---------- DATA RECORDS ----------

lemma min_dist_int_le_odd:
  fixes a b m :: nat and t :: real
  assumes sum: "a + b = 2 * m + 1"
  shows "min (dist_int (t * a)) (dist_int (t * b)) \<le> real m / (2 * real m + 1)"
proof (rule ccontr)
  define n :: real where "n = 2 * real m + 1"
  have n_pos: "0 < n" and n_sum: "real a + real b = n"
    unfolding n_def using arg_cong[OF sum, of real] by simp_all
  have half_minus: "1/2 - m / n = 1 / (2 * n)"
    unfolding n_def by (simp add: field_simps)
  assume "\<not> ?thesis"
  then have "m / n < dist_int (t * a)" "m / n < dist_int (t * b)"
    unfolding n_def by auto
  then obtain p q :: int
    where p: "\<bar>t * a - (p + 1/2)\<bar> < 1 / (2 * n)" and q: "\<bar>t * b - (q + 1/2)\<bar> < 1 / (2 * n)"
    unfolding half_minus[symmetric] by (metis dist_int_gt_imp_near_half_int)
  define e1 e2 where "e1 = t * a - (p + 1/2)" and "e2 = t * b - (q + 1/2)"
  \<comment> \<open>Since \<open>b (t a) = a (t b)\<close>, the odd integer \<open>D\<close> is twice a number of modulus below \<open>1/2\<close>.\<close>
  define D :: int where "D = 2 * (b * p - a * q) + b - a"
  have "odd D"
    unfolding D_def using sum by presburger
  have D_eq: "real_of_int D = 2 * (a * e2 - b * e1)"
    unfolding D_def e1_def e2_def by (simp add: algebra_simps)
  define \<epsilon> where "\<epsilon> = max \<bar>e1\<bar> \<bar>e2\<bar>"
  have "\<bar>a * e2 - b * e1\<bar> \<le> a * \<bar>e2\<bar> + b * \<bar>e1\<bar>"
    by (simp add: abs_mult abs_triangle_ineq4[THEN order_trans])
  also have "\<dots> \<le> n * \<epsilon>"
    unfolding n_sum[symmetric] \<epsilon>_def by (simp add: distrib_right add_mono mult_left_mono)
  also have "\<dots> < n * (1 / (2 * n))"
    using p q n_pos unfolding \<epsilon>_def e1_def e2_def by (intro mult_strict_left_mono) auto
  also have "\<dots> = 1/2"
    using n_pos by simp
  finally have "\<bar>real_of_int D\<bar> < 1"
    unfolding D_eq abs_mult by simp
  then have "D = 0"
    by linarith
  with \<open>odd D\<close> show False
    by simp
qed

----------

WHAT YOU WILL DO » How many of the lines above contain the word "open"? Only the number should be given.

ANSWER BOX » 2